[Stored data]
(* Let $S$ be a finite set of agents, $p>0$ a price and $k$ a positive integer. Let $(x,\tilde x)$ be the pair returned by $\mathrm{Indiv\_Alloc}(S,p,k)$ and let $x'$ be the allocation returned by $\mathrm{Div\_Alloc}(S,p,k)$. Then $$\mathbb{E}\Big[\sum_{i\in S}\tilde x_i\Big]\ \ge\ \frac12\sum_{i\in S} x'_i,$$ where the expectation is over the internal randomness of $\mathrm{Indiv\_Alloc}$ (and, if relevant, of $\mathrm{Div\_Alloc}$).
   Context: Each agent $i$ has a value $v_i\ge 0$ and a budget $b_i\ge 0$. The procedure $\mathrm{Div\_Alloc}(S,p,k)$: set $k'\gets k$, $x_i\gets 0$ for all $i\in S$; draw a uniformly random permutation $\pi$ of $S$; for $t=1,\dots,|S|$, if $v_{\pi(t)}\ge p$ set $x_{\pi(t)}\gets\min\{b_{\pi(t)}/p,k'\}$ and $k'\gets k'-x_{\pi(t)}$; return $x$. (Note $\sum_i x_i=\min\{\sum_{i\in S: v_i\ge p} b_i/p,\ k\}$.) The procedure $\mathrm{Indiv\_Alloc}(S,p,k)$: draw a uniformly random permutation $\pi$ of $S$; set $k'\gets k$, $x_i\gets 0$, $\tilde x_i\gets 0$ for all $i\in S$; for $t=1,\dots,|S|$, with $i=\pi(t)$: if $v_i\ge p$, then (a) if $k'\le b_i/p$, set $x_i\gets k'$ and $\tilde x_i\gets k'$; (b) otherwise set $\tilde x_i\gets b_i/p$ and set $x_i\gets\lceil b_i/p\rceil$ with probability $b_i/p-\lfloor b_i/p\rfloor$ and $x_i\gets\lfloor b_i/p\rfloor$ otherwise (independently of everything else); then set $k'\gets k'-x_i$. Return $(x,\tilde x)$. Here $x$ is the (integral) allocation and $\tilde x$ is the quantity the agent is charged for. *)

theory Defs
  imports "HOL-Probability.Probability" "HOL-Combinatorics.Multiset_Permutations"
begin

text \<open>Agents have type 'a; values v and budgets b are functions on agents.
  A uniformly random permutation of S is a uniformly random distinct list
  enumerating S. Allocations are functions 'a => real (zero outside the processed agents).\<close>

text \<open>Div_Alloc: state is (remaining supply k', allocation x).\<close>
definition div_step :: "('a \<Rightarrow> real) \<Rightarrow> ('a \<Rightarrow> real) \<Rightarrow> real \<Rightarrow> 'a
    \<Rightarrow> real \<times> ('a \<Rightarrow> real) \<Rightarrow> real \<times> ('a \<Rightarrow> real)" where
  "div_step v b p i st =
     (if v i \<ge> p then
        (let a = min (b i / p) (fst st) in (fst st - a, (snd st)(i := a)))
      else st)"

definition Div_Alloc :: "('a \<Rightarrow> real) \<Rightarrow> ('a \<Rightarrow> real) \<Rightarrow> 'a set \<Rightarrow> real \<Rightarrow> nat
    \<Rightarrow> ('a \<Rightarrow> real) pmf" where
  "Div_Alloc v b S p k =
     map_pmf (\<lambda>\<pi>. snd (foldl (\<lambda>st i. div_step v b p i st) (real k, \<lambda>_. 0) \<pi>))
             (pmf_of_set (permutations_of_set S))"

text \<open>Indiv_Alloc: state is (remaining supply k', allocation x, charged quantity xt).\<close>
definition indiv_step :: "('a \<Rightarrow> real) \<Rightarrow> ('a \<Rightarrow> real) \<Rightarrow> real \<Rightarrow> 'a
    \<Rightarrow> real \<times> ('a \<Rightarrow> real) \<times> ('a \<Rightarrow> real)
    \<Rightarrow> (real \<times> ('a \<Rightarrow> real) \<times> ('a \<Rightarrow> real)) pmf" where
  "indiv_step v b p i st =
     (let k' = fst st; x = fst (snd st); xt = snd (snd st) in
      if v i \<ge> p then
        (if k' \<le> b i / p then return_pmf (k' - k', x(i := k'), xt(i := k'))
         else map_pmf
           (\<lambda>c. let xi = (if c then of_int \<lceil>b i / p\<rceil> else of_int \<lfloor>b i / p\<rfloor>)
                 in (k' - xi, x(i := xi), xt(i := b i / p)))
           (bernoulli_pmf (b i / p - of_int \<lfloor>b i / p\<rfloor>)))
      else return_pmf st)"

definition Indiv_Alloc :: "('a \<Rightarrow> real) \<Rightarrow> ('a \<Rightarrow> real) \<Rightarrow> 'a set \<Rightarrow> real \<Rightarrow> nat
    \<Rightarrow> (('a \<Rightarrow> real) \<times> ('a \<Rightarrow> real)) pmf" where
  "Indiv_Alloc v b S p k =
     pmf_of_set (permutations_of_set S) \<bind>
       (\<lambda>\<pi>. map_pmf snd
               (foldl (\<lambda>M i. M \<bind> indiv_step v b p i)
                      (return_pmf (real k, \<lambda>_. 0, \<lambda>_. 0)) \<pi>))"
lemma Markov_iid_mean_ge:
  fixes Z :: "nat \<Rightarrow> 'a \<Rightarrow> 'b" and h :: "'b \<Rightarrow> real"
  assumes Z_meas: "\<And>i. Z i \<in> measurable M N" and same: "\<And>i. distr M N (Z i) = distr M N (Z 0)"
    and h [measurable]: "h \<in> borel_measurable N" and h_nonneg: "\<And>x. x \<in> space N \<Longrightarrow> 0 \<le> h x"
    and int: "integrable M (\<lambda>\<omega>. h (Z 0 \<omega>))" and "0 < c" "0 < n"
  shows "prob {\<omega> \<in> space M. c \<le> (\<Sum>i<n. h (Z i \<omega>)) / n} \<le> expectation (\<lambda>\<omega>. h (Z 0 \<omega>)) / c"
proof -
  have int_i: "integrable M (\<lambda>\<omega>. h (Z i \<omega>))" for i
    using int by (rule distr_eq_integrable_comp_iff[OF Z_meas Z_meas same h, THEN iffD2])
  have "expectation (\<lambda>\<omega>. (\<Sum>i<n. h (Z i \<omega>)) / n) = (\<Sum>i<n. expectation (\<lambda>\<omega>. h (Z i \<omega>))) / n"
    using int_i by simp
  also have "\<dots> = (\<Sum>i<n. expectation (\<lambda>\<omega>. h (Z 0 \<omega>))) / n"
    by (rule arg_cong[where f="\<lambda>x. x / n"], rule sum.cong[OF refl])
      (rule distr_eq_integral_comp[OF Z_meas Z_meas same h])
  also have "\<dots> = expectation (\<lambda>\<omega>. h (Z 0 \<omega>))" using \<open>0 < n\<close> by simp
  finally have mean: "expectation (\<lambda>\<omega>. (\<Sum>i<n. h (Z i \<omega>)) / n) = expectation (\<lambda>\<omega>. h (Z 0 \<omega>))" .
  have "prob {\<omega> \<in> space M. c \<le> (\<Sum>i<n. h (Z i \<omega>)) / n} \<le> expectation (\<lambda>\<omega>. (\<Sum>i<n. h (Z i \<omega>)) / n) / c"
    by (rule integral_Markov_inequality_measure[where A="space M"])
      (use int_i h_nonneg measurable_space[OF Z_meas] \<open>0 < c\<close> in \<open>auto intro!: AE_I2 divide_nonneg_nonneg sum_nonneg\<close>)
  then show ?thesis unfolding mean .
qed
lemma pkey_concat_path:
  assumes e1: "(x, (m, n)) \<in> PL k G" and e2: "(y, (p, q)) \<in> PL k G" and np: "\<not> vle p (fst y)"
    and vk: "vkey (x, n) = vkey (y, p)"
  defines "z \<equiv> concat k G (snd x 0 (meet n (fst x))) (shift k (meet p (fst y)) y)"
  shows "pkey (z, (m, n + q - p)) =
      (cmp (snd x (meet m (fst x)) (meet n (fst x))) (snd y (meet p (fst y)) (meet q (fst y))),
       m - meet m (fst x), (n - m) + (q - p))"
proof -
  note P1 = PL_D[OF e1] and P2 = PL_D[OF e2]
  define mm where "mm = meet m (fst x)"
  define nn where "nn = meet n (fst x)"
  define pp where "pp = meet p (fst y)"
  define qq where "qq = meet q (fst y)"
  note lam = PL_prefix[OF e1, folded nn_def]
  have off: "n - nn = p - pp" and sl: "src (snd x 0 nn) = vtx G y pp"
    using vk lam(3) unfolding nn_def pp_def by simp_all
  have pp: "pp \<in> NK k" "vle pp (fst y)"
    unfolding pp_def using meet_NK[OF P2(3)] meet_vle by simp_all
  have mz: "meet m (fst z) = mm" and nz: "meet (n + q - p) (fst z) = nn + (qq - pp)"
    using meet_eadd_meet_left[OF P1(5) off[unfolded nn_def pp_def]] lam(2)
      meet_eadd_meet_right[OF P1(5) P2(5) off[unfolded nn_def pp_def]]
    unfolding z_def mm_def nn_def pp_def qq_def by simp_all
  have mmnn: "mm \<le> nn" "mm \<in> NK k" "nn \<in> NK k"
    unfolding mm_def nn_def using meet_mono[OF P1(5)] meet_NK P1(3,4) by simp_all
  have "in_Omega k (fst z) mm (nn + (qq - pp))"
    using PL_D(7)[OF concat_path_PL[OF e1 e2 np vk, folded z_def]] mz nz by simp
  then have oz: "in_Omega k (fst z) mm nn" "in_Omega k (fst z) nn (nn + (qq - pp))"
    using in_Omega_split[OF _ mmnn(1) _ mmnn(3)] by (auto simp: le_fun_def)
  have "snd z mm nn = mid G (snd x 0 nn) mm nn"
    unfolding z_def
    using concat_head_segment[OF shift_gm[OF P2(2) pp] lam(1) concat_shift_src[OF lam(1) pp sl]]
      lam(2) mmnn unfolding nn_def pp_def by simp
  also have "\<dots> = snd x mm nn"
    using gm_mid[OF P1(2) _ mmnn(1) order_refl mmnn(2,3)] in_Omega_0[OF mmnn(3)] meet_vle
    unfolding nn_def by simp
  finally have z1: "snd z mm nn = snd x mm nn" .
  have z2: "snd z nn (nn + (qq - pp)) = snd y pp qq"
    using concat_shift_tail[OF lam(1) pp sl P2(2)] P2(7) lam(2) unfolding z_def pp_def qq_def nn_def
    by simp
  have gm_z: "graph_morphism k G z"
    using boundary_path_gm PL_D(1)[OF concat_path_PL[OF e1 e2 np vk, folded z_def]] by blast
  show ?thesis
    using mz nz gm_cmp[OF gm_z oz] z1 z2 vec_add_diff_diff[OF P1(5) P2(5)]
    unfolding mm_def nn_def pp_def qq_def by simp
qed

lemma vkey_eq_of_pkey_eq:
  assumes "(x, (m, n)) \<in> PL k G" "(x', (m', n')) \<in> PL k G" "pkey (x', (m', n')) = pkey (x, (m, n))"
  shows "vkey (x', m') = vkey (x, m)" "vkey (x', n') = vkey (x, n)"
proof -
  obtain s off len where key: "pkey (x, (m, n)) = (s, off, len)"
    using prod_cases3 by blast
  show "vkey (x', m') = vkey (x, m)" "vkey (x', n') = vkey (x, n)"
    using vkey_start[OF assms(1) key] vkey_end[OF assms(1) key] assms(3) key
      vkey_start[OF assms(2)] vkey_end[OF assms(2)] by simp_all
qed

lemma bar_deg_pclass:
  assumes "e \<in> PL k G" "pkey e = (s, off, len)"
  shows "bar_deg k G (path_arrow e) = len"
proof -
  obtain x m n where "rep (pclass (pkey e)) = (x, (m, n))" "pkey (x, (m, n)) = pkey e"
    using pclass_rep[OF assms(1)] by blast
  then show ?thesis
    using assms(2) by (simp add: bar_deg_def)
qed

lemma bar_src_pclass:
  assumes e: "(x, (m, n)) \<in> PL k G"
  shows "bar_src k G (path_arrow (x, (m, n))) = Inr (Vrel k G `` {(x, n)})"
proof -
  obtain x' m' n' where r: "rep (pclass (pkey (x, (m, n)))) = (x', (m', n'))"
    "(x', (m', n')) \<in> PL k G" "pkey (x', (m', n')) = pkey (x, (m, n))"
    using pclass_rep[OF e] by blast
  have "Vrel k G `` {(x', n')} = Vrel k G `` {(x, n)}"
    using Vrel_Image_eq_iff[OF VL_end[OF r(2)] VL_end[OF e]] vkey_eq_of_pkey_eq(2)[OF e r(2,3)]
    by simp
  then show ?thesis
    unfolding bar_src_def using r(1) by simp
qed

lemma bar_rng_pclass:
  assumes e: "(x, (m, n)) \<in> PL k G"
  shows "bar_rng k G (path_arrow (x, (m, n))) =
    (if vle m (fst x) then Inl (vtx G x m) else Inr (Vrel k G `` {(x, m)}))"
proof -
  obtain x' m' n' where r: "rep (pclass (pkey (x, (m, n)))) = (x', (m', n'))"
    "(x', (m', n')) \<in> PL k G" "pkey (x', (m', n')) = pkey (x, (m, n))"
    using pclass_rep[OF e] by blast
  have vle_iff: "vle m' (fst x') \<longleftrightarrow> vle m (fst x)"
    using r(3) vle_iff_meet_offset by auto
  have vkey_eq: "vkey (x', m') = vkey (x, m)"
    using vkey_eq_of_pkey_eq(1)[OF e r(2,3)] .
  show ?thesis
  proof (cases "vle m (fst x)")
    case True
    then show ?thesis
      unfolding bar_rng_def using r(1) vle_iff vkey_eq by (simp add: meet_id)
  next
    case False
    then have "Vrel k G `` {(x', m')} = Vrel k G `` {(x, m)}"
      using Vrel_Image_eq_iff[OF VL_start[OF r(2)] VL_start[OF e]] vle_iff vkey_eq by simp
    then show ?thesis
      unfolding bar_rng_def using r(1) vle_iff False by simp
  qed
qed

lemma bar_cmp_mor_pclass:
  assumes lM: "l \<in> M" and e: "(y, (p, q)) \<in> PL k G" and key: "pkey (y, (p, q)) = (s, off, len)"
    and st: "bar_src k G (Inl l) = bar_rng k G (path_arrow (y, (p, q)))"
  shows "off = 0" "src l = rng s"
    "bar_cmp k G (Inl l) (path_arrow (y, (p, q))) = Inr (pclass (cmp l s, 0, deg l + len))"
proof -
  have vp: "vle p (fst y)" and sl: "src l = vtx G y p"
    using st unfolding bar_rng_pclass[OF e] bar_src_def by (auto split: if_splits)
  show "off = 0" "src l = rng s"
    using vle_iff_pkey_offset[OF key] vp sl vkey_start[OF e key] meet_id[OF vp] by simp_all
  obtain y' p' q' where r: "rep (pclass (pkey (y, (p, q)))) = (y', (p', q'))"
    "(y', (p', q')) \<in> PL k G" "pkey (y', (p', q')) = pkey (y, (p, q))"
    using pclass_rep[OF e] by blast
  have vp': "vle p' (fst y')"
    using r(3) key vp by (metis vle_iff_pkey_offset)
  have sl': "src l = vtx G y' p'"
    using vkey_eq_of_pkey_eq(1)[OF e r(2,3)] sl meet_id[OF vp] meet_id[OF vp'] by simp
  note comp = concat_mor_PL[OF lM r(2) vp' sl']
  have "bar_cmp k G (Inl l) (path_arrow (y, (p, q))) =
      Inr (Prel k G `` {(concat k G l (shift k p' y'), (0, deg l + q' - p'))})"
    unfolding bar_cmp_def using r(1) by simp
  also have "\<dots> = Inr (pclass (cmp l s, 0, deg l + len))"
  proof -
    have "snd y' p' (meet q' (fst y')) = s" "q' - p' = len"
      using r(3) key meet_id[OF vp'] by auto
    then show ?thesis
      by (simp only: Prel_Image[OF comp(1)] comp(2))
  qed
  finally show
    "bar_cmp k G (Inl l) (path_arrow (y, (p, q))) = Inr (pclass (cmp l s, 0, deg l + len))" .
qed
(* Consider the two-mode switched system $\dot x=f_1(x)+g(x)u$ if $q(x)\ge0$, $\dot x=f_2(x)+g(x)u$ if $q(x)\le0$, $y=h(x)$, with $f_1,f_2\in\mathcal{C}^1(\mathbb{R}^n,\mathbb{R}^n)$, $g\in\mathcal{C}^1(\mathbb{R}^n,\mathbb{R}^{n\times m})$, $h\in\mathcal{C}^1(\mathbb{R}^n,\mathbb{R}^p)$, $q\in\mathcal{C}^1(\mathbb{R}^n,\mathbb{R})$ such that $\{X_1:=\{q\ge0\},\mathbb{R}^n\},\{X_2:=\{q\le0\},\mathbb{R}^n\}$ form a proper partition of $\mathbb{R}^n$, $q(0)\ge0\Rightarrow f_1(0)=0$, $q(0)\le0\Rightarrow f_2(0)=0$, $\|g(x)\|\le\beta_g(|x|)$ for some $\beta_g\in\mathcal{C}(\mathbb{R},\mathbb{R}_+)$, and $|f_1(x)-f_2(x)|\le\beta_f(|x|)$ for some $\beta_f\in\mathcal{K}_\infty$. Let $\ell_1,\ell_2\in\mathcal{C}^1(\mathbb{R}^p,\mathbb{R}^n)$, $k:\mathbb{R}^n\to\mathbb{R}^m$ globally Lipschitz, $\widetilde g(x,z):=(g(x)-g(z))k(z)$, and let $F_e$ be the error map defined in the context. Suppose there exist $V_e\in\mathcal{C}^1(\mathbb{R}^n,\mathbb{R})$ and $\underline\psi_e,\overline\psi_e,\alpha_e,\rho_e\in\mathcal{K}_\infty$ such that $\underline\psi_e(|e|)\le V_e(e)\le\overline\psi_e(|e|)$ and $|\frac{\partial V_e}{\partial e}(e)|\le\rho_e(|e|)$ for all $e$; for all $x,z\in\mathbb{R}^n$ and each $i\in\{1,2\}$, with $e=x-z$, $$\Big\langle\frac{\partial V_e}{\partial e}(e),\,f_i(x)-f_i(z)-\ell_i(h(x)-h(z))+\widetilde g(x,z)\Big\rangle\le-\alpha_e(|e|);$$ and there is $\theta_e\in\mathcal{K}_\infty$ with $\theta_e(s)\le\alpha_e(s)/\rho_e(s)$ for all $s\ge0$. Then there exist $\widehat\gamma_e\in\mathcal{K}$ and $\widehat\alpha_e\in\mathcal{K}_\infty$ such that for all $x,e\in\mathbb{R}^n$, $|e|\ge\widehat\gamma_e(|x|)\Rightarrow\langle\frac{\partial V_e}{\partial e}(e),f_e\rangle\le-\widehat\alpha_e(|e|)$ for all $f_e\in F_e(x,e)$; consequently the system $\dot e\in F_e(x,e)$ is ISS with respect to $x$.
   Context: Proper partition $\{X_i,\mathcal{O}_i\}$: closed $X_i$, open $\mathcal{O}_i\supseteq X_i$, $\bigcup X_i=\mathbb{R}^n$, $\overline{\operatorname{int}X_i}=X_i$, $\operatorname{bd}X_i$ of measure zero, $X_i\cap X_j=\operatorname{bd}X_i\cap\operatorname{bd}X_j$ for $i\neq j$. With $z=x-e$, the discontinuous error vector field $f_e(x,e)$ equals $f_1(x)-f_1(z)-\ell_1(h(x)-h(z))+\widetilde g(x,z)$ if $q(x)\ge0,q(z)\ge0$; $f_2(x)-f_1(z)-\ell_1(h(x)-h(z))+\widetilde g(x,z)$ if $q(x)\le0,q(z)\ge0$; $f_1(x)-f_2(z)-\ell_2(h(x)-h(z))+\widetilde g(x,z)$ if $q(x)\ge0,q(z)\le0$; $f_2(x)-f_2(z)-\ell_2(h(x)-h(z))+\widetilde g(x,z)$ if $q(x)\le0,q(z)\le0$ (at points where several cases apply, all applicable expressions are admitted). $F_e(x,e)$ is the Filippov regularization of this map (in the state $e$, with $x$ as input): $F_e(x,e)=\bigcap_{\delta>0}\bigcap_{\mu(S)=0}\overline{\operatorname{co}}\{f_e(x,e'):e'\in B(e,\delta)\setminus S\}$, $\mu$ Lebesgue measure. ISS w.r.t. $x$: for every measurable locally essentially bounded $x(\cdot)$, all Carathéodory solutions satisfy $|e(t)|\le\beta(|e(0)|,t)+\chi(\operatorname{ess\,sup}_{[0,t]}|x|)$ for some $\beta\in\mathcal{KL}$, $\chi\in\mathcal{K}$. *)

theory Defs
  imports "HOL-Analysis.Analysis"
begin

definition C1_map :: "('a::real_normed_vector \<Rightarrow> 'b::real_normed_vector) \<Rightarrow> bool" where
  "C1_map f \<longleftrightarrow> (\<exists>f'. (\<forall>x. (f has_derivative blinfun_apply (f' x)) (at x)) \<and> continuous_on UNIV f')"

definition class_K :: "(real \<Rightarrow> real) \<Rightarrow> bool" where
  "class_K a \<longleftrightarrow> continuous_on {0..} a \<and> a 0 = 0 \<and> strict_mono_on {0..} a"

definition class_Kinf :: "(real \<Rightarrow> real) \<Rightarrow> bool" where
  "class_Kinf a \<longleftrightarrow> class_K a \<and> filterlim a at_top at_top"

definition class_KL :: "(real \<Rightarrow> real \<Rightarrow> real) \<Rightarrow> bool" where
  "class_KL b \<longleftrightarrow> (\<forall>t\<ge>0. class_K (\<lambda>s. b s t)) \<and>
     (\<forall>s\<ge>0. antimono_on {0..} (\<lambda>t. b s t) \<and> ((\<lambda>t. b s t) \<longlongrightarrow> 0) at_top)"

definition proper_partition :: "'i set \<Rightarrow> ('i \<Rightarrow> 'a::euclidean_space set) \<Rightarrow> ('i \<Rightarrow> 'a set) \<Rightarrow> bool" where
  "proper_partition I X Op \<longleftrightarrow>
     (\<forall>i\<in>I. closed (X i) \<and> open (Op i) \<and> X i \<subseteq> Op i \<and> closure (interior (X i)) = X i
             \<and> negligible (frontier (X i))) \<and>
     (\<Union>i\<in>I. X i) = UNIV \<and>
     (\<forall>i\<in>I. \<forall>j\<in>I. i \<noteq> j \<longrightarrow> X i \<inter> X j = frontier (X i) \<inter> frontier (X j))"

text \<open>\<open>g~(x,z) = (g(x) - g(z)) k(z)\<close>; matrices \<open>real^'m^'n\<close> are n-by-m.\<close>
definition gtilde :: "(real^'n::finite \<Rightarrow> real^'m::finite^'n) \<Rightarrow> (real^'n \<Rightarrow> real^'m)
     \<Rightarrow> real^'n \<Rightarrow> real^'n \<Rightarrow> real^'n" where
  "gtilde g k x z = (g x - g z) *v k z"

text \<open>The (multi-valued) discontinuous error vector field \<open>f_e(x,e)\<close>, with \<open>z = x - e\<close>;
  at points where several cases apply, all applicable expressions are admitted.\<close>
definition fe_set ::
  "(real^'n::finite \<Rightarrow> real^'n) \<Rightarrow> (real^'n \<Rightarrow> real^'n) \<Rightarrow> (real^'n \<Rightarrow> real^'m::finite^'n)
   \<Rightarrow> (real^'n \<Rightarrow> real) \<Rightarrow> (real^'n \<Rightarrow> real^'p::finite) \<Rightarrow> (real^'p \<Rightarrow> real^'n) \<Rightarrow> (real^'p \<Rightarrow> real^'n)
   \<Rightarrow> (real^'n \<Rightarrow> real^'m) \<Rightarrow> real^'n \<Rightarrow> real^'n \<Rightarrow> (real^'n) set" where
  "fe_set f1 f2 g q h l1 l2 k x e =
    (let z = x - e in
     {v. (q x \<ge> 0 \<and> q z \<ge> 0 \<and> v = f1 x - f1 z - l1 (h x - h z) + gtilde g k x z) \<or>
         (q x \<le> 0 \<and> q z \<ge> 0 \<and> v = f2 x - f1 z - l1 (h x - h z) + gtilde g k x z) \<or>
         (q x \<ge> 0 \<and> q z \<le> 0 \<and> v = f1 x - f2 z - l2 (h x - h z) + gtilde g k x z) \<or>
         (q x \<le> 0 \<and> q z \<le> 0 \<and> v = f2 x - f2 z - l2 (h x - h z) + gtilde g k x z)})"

__Aim of the exercise__
Using the records above, set down exactly the lines from the one with "using concat_shift_tail[OF lam(1)" through the one with "using mz nz", inclusive, and nothing more.

__Task output__
    using concat_shift_tail[OF lam(1) pp sl P2(2)] P2(7) lam(2) unfolding z_def pp_def qq_def nn_def
    by simp
  have gm_z: "graph_morphism k G z"
    using boundary_path_gm PL_D(1)[OF concat_path_PL[OF e1 e2 np vk, folded z_def]] by blast
  show ?thesis
    using mz nz gm_cmp[OF gm_z oz] z1 z2 vec_add_diff_diff[OF P1(5) P2(5)]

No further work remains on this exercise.